Noah Hall: I guess my fondest memory was the whole 2003 season, ya know, the whole season was probably my fondest memory of it.  It was my first year back with the organization after they had released me a few years before and I guess I felt like I had something to prove which is always usually a good thing, kind of like this year, and I did well,  I had a really good year there, and got some good opportunities after that season.

This year marks your 16th season playing baseball professionally. What’s been the best lesson you’ve learned in all those years, all those towns, all those organizations?

NH: How to be a professional, to focus on respecting the game and my teammates and the other players on the field, because there’s a lot of guys that don’t do that and they probably don’t last that long, but you have to respect this game to stick around.

In 2003, Seung Song threw a controversial no-hitter early in the season against Erie. What are your memories surrounding that game?
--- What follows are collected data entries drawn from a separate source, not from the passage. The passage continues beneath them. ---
(* Let users belong to one of three disjoint sets $T_1,T_2,T_3$ with probabilities $\pi_1,\pi_2,\pi_3>0$ ($\pi_1+\pi_2+\pi_3=1$), let $T_{12}=T_1\cup T_2$, and let the publisher's data reveal whether a user is in $T_{12}$ or $T_3$. Fix a density $f$ of the highest competing bid (independent of the user) and observed average bids $b_{12}>b_3\ge0$ of the advertiser on users in $T_{12}$ and $T_3$ respectively. Let $b=(\pi_1+\pi_2)b_{12}+\pi_3b_3$ and $$V_{\max}=(\pi_1+\pi_2)\int_b^{b_{12}}(b_{12}-p)f(p)\,dp+\pi_3\int_{b_3}^{b}(p-b_3)f(p)\,dp.$$ Then for every $V\in[0,V_{\max}]$ there exist nonnegative values $v_1,v_2,v_3$ of the advertiser for users in $T_1,T_2,T_3$ and a private targeting signal of the advertiser (indicating whether the user lies in a subset $S_1\subseteq T_1$ consisting of a random fraction $\alpha\in[0,1]$ of $T_1$) such that, when the advertiser bids her expected value given her information, her average bids on $T_{12}$ and $T_3$ users are $b_{12}$ and $b_3$, and her value for the publisher's data is exactly $V$. In particular, the advertiser's value for the data cannot be inferred from her average bids and the competing bid distribution.
   Context: Independent private values, second-price auction; the advertiser's value for a user in $T_i$ is $v_i$, and she bids her conditional expected value given all information available to her. Her value for the publisher's data is her expected utility with the publisher's data minus her expected utility without it (with her own private signal available in both cases). *)

theory Defs
  imports "HOL-Analysis.Analysis"
begin

text \<open>Users are modelled by finitely many atoms (i, s): i \<in> {1,2,3} is the type
  (user in T_i), s records whether the user lies in the advertiser's targeting set
  S_1 \<subseteq> T_1 (a random fraction alpha of T_1).\<close>

definition atoms :: "(nat \<times> bool) set" where
  "atoms = {(1, True), (1, False), (2, False), (3, False)}"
NH: I remember one of their guys tried to bunt in the last inning and that’s why it was controversial.  He bunted it and it was either Seung Song or someone else in the field misplayed it and they gave him an error and usually they give a hit.  They usually always give you a hit if the pitcher bobbles it or they fielded it and made a bad throw, it’s a hit, always.   And this guy was fast too, it was a hit and they gave him an error and that’s why it was controversial I guess.  That’s my main memory, I don’t remember what I did in that game but I remember that play.  It was a hit, but on the other hand that’s part of respecting the game too, it’s the last inning and the guy’s trying to bunt.  If the score was one-nothing, maybe.  I can’t remember what the score, if it was one-nothing I guess I’ll take it back, but if it was more than one run the guy shouldn’t be bunting in the last inning because you just gotta try to hit at that point.  If you didn’t try to bunt before you’re not gonna get it now.  That’s part of the game.  It’s an unwritten rule but you just don’t do that to try to try to break up a no-hitter.
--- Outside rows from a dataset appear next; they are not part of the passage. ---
lemma ln_12_le: "ln (12::real) \<le> 2.9"
proof -
  have "1 + 1.45 + 1.45\<^sup>2 / 2 \<le> exp (1.45::real)"
    by (rule exp_lower_Taylor_quadratic) simp
  then have "(1 + 1.45 + 1.45\<^sup>2 / 2)\<^sup>2 \<le> (exp (1.45::real))\<^sup>2"
    by (rule power_mono) simp
  moreover have "(exp (1.45::real))\<^sup>2 = exp 2.9"
    by (simp add: exp_double[symmetric])
  ultimately have "12 \<le> exp (2.9::real)"
    by (simp add: power2_eq_square)
  then show ?thesis
    using ln_le_cancel_iff[of 12 "exp 2.9"] by simp
qed


lemma w_disc_eq_c4_c6: "1728 * w_disc E = w_c4 E ^ 3 - w_c6 E ^ 2"
proof (cases E)
  case (W a1 a2 a3 a4 a6)
  show ?thesis
    unfolding W w_disc_def w_c4_def w_c6_def by simp algebra
qed


lemma global_minimal_short_coeffs_not_both_zero:
  assumes "global_minimal E" "of_int A = - 27 * w_c4 E" "of_int B = - 54 * w_c6 E"
  shows "A \<noteq> 0 \<or> B \<noteq> 0"
proof -
  have "w_disc E \<noteq> 0"
    using assms(1) unfolding global_minimal_def by simp
  then have "w_c4 E \<noteq> 0 \<or> w_c6 E \<noteq> 0"
    using w_disc_eq_c4_c6[of E] by auto
  then show ?thesis
    using assms(2,3) by auto
qed


lemma ec_add_x_distinct:
  fixes A B u1 u2 v1 v2 :: rat
  assumes "on_curve A B (Pt u1 v1)" "on_curve A B (Pt u2 v2)" "u1 \<noteq> u2"
  obtains v where "ec_add A B (Pt u1 v1) (Pt u2 v2)
    = Pt (((u1 * u2 + A) * (u1 + u2) + 2 * B - 2 * v1 * v2) / (u2 - u1)^2) v"
proof -
  define l where "l = (v2 - v1) / (u2 - u1)"
  have d: "u2 - u1 \<noteq> 0"
    using assms(3) by simp
  have "l^2 - u1 - u2 = ((v2 - v1)^2 - (u1 + u2) * (u2 - u1)^2) / (u2 - u1)^2"
    unfolding l_def using d by (simp add: field_simps power_divide)
  also have "(v2 - v1)^2 = v1^2 + v2^2 - 2 * v1 * v2"
    by (simp add: power2_eq_square algebra_simps)
  \<comment> \<open>the curve equations turn \<open>v1^2 + v2^2\<close> into \<open>u1^3 + u2^3 + A (u1 + u2) + 2 B\<close>\<close>
  also have "v1^2 + v2^2 - 2 * v1 * v2 - (u1 + u2) * (u2 - u1)^2
      = (u1 * u2 + A) * (u1 + u2) + 2 * B - 2 * v1 * v2"
    using assms(1,2) by (simp add: power2_eq_square power3_eq_cube algebra_simps)
  finally have "l^2 - u1 - u2 = ((u1 * u2 + A) * (u1 + u2) + 2 * B - 2 * v1 * v2) / (u2 - u1)^2" .
  then show thesis
    using that assms(3) by (simp add: l_def Let_def)
qed


lemma on_curve_of_int_div:
  fixes A B x s :: int
  assumes "on_curve (of_int A) (of_int B) (Pt (of_int x / of_int s) y)" "s \<noteq> 0"
  shows "of_int s ^ 3 * y^2 = of_int (x^3 + A * x * s^2 + B * s^3)"
  using assms by (simp add: field_simps power3_eq_cube power2_eq_square)


lemma ec_add_x_of_int_div:
  fixes A B x1 x2 s :: int and y1 y2 :: rat
  assumes P: "on_curve (of_int A) (of_int B) (Pt (of_int x1 / of_int s) y1)"
    and Q: "on_curve (of_int A) (of_int B) (Pt (of_int x2 / of_int s) y2)"
    and "s > 0" "x1 \<noteq> x2"
  obtains z :: int and v where
    "z^2 = (x1^3 + A * x1 * s^2 + B * s^3) * (x2^3 + A * x2 * s^2 + B * s^3)"
    "ec_add (of_int A) (of_int B) (Pt (of_int x1 / of_int s) y1) (Pt (of_int x2 / of_int s) y2)
       = Pt (of_int ((x1 * x2 + A * s^2) * (x1 + x2) + 2 * B * s^3 - 2 * z)
             / of_int (s * (x2 - x1)^2)) v"
proof -
  have s: "(of_int s :: rat) \<noteq> 0"
    using assms(3) by simp
  let ?n1 = "x1^3 + A * x1 * s^2 + B * s^3" and ?n2 = "x2^3 + A * x2 * s^2 + B * s^3"
  have "(of_int s^3 * y1 * y2)^2 = (of_int s^3 * y1^2) * (of_int s^3 * y2^2)"
    by (simp add: power_mult_distrib power2_eq_square)
  also have "\<dots> = of_int (?n1 * ?n2)"
    using on_curve_of_int_div[OF P] on_curve_of_int_div[OF Q] assms(3) by simp
  finally have square: "(of_int s^3 * y1 * y2)^2 = of_int (?n1 * ?n2)" .
  then have "of_int s^3 * y1 * y2 \<in> \<int>"
    by (rule rat_power_eq_of_int_imp_Ints) simp
  then obtain z where z: "of_int s^3 * y1 * y2 = of_int z"
    by (elim Ints_cases)
  have "z^2 = ?n1 * ?n2"
    using square unfolding z by (simp only: of_int_power[symmetric] of_int_eq_iff)
  let ?u1 = "of_int x1 / of_int s :: rat" and ?u2 = "of_int x2 / of_int s :: rat"
  obtain v where "ec_add (of_int A) (of_int B) (Pt ?u1 y1) (Pt ?u2 y2)
    = Pt (((?u1 * ?u2 + of_int A) * (?u1 + ?u2) + 2 * of_int B - 2 * y1 * y2) / (?u2 - ?u1)^2) v"
    using ec_add_x_distinct[OF P Q] assms(4) s by (auto simp: divide_cancel_right)
  moreover have "(?u2 - ?u1)^2 = of_int ((x2 - x1)^2) / of_int s^2"
    by (simp add: diff_divide_distrib[symmetric] power_divide)
  moreover have "(?u1 * ?u2 + of_int A) * (?u1 + ?u2) + 2 * of_int B - 2 * y1 * y2
      = of_int ((x1 * x2 + A * s^2) * (x1 + x2) + 2 * B * s^3 - 2 * z) / of_int s^3"
    using s by (simp add: z[symmetric] field_simps power2_eq_square power3_eq_cube)
  ultimately show thesis
    using that \<open>z^2 = ?n1 * ?n2\<close> s assms(4) by (simp add: power2_eq_square power3_eq_cube)
qed


lemma root6_le_imp_coeff_bounds:
  fixes A B x s :: int
  assumes "A \<noteq> 0 \<or> B \<noteq> 0" "s > 0"
    and "root 6 (real_of_int (max (\<bar>A\<bar>^3) (B^2))) \<le> real_of_int x / real_of_int s"
  shows "s \<le> x" "\<bar>A\<bar> * s^2 \<le> x^2" "\<bar>B\<bar> * s^3 \<le> x^3"
proof -
  define X where "X = max (\<bar>A\<bar>^3) (B^2)"
  have "X \<ge> 1"
  proof (cases "A = 0")
    case True
    then have "1 \<le> B^2"
      using assms(1) by (smt (verit) zero_less_power2)
    then show ?thesis
      unfolding X_def by simp
  next
    case False
    then show ?thesis
      unfolding X_def by (simp add: le_max_iff_disj one_le_power)
  qed
  then have "1 \<le> root 6 (real_of_int X)"
    by simp
  then have "1 \<le> real_of_int x / real_of_int s"
    using assms(3) unfolding X_def by linarith
  then show "s \<le> x"
    using assms(2) by (simp add: le_divide_eq)
  then have x: "x > 0"
    using assms(2) by simp
  have "real_of_int X = (root 6 (real_of_int X)) ^ 6"
    using \<open>X \<ge> 1\<close> by simp
  also have "\<dots> \<le> (real_of_int x / real_of_int s) ^ 6"
    using assms(3) \<open>X \<ge> 1\<close> unfolding X_def[symmetric] by (intro power_mono) simp_all
  finally have "real_of_int X \<le> (real_of_int x / real_of_int s) ^ 6" .
  then have "X * s^6 \<le> x^6"
    using assms(2) by (simp add: field_simps power_divide flip: of_int_power of_int_mult of_int_le_iff)
  moreover have "\<bar>A\<bar>^3 * s^6 \<le> X * s^6" "B^2 * s^6 \<le> X * s^6"
    unfolding X_def by (simp_all add: mult_right_mono)
  ultimately have "\<bar>A\<bar>^3 * s^6 \<le> x^6" "B^2 * s^6 \<le> x^6"
    by simp_all
  then have A: "(\<bar>A\<bar> * s^2)^3 \<le> (x^2)^3" and B: "(\<bar>B\<bar> * s^3)^2 \<le> (x^3)^2"
    by (simp_all add: power_mult_distrib flip: power_mult)
  from A show "\<bar>A\<bar> * s^2 \<le> x^2"
    by (subst (asm) power_mono_iff) auto
  from B show "\<bar>B\<bar> * s^3 \<le> x^3"
    using x assms(2) by (subst (asm) power_mono_iff) auto
qed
Fill the readers in on where you’ve been and how you’ve been since last here in Harrisburg.

NH: I’m married with a three year old child.  He’s awesome and my wife is awesome too, and that’s the biggest part of my life now, and at that point I didn’t have that going on.  So that and playing one last year here.  I’d like to get picked up for one last year.  This is probably my last year but I want to coach down the line so I’m keeping that on the back burner.  But this is the last year, just trying to have fun.  For our team its tough ‘cause we’re losing, but you just gotta play, you can’t control what else is going on besides what you’re doing.  So I’m just playing and having fun!

Thanks to Mr. Hall for taking the time out of his schedule to answer our questions and be a part of the rich tradition of Senators baseball.

We also wish to thank Lisa Verish with the Camden Riversharks for facilitating the interview.